第214話:顔のない者
「承認。対象『エリリア』『ノア』およびマスター『アイロン』を安全な座標へ空間転移します。システム起動」
アイロンは乾いた喉から、短く呆然とした声を絞り出すのが精一杯だった。
「な……」
アイロン、ノア、そしてエリリアの姿が掻き消えた。
数分後。
血まみれの鎧を着た部隊の指揮官が、腰から震える結晶器を取り出し、口元へと近づけた。
「報告! セクターの掃討および制圧を完了しました」指揮官はしゃがれた声で告げた。「ですが、問題が発生しました。主要目標であるアイロン、ノア、エリリアの三名が消失しました」
通信の向こう側から、オルゲルドの激怒した怒号が響く。
「探し出せ! 周辺一帯を虱潰しにしろ! 煙のように消えるはずがないだろう!」
「すべて徹底的に捜索しろ!」ヴァルデスの冷徹な声がそれを遮った。「その廃墟をひっくり返してでも、奴らを見つけ出せ!」
「了解しました!」指揮官は叫び、兵士たちの方へ振り返ると散開捜索の命令を下した。
彼らの周囲には、ただ静寂だけが広がっていた。
地面には、見開かれた目のまま息絶えたマレクが横たわっている。
泥の中には、他の民兵たちの遺体も転がっていた。
ドーンヘイムを囲んでいた松の森は、完全に姿を消していた。残っているのは、黒焦げの灰、焼き尽くされた大地、そして砕けた岩だけだ。

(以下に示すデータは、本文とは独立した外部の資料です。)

definition nsd :: "real^'k^'k \<Rightarrow> bool" where
  "nsd A \<longleftrightarrow> psd (- A)"

definition nd :: "real^'k^'k \<Rightarrow> bool" where
  "nd A \<longleftrightarrow> pd (- A)"

definition pinv :: "real^'n^'m \<Rightarrow> real^'m^'n" where
  "pinv A = (THE X. A ** X ** A = A \<and> X ** A ** X = X \<and>
       transpose (A ** X) = A ** X \<and> transpose (X ** A) = X ** A)"

definition blk11 :: "real^('q::finite+'r::finite)^('q+'r) \<Rightarrow> real^'q^'q" where
  "blk11 N = (\<chi> i j. N $ Inl i $ Inl j)"
definition blk12 :: "real^('q::finite+'r::finite)^('q+'r) \<Rightarrow> real^'r^'q" where
  "blk12 N = (\<chi> i j. N $ Inl i $ Inr j)"
definition blk21 :: "real^('q::finite+'r::finite)^('q+'r) \<Rightarrow> real^'q^'r" where
  "blk21 N = (\<chi> i j. N $ Inr i $ Inl j)"
definition blk22 :: "real^('q::finite+'r::finite)^('q+'r) \<Rightarrow> real^'r^'r" where
  "blk22 N = (\<chi> i j. N $ Inr i $ Inr j)"

definition schur :: "real^('q::finite+'r::finite)^('q+'r) \<Rightarrow> real^'q^'q" where
  "schur N = blk11 N - blk12 N ** pinv (blk22 N) ** blk21 N"

definition PiSet :: "(real^('q::finite+'r::finite)^('q+'r)) set" where
  "PiSet = {N. sym_mat N \<and> nsd (blk22 N) \<and> psd (schur N) \<and>
     {x. blk22 N *v x = 0} \<subseteq> {x. blk12 N *v x = 0}}"

definition stackIZ :: "real^'q^'r \<Rightarrow> real^'q^('q+'r)" where
  "stackIZ Z = (\<chi> k. case k of Inl i \<Rightarrow> mat 1 $ i | Inr j \<Rightarrow> Z $ j)"

definition Zset :: "real^('q::finite+'r::finite)^('q+'r) \<Rightarrow> (real^'q^'r) set" where
  "Zset P = {Z. psd (transpose (stackIZ Z) ** P ** stackIZ Z)}"

definition Zset_plus :: "real^('q::finite+'r::finite)^('q+'r) \<Rightarrow> (real^'q^'r) set" where
  "Zset_plus P = {Z. pd (transpose (stackIZ Z) ** P ** stackIZ Z)}"

end

theory Submission
  imports Defs
begin

text \<open>Sufficiency: on the graph of \<open>Z \<in> \<Z>\<^sub>r(N)\<close> the \<open>N\<close>-form is nonnegative, so there the
  \<open>M\<close>-form dominates the positive form of \<open>M - \<alpha>N\<close>.

  Necessity: as \<open>N\<^sub>2\<^sub>2\<close> is invertible, completing the square gives
  \<open>N(x, y) = x\<^sup>T(N | N\<^sub>2\<^sub>2)x + d\<^sup>T N\<^sub>2\<^sub>2 d\<close> with \<open>d = y + N\<^sub>2\<^sub>2\<^sup>-\<^sup>1N\<^sub>2\<^sub>1x\<close>. For a nonzero
  \<open>w = (x, y)\<close> with \<open>N(w) \<ge> 0\<close>, a rank-one correction of \<open>-N\<^sub>2\<^sub>2\<^sup>-\<^sup>1N\<^sub>2\<^sub>1\<close> is a \<open>Z \<in> \<Z>\<^sub>r(N)\<close>
  whose graph passes through \<open>w\<close>, hence \<open>M(w) > 0\<close>. So \<open>M\<close> is positive on the nonzero part of
  the cone \<open>N \<ge> 0\<close>, and a strict S-lemma produces \<open>\<alpha>\<close>: if no multiplier exists, each pencil
  \<open>(1 - t)M - tN\<close>, \<open>0 \<le> t < 1\<close>, has a nonpositive direction \<open>w \<noteq> 0\<close>. The parameters admitting
  such a \<open>w\<close> with \<open>N(w) \<ge> 0\<close>, resp. with \<open>N(w) \<le> 0\<close> and \<open>M(w) \<le> 0\<close>, form two closed sets
  covering the connected interval \<open>[0, 1)\<close>, neither of which contains all of it; at a common
  parameter an \<open>N\<close>-isotropic combination of the two witnesses contradicts the positivity of \<open>M\<close>.\<close>

definition quad_form :: "real^'n^'n \<Rightarrow> real^'n \<Rightarrow> real" where
  "quad_form A w = w \<bullet> (A *v w)"

definition strictly_positive_on_cone :: "real^'n^'n \<Rightarrow> real^'n^'n \<Rightarrow> bool" where
  "strictly_positive_on_cone M N \<longleftrightarrow> (\<forall>w. w \<noteq> 0 \<and> 0 \<le> quad_form N w \<longrightarrow> 0 < quad_form M w)"

lemma sym_mat_diff_scaleR: "sym_mat M \<Longrightarrow> sym_mat N \<Longrightarrow> sym_mat (a *\<^sub>R M - b *\<^sub>R N)"
  by (simp add: sym_mat_def transpose_def vec_eq_iff)

lemma sym_mat_inner_commute: "sym_mat A \<Longrightarrow> x \<bullet> (A *v y) = y \<bullet> (A *v x)"
  by (metis dot_lmul_matrix inner_commute sym_mat_def transpose_transpose vector_transpose_matrix)

lemma pd_iff_quad_form: "pd A \<longleftrightarrow> sym_mat A \<and> (\<forall>w. w \<noteq> 0 \<longrightarrow> 0 < quad_form A w)"
  by (simp add: pd_def quad_form_def)

lemma quad_form_scaleR: "quad_form A (c *\<^sub>R w) = c^2 * quad_form A w"
  by (simp add: quad_form_def matrix_vector_mult_scaleR power2_eq_square)

lemma quad_form_diff_scaleR:
  "quad_form (a *\<^sub>R M - b *\<^sub>R N) w = a * quad_form M w - b * quad_form N w"
  by (simp add: quad_form_def matrix_vector_mult_diff_rdistrib scaleR_matrix_vector_assoc[symmetric]
      inner_diff_right)

lemma quad_form_add_scaleR:
  assumes "sym_mat A"
  shows "quad_form A (u + r *\<^sub>R v) = quad_form A u + 2 * r * (u \<bullet> (A *v v)) + r^2 * quad_form A v"
  using sym_mat_inner_commute[OF assms, of v u]
  by (simp add: quad_form_def matrix_vector_right_distrib matrix_vector_mult_scaleR inner_add_left
      inner_add_right power2_eq_square algebra_simps)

その惨状の中に、ただ一つ。高さ28メートルの塔だけがぽつんとそびえ立っていた。
その頃、ドーンヘイムから遠く離れた細い山道を、一人の青年が歩いていた。
彼は両手に滑らかな透明の球体を抱え、歩きながらその中の映像を覗き込んでいた。
彼は歩みを緩め、口元に笑みを浮かべて呟く。
「アイロン……エヴァーフォール……」
それから八時間が経過した。
装甲馬車の中で、オルゲルドは通信機を睨みつけていた。回線の先にはヴァルデスとエドリアクがいる。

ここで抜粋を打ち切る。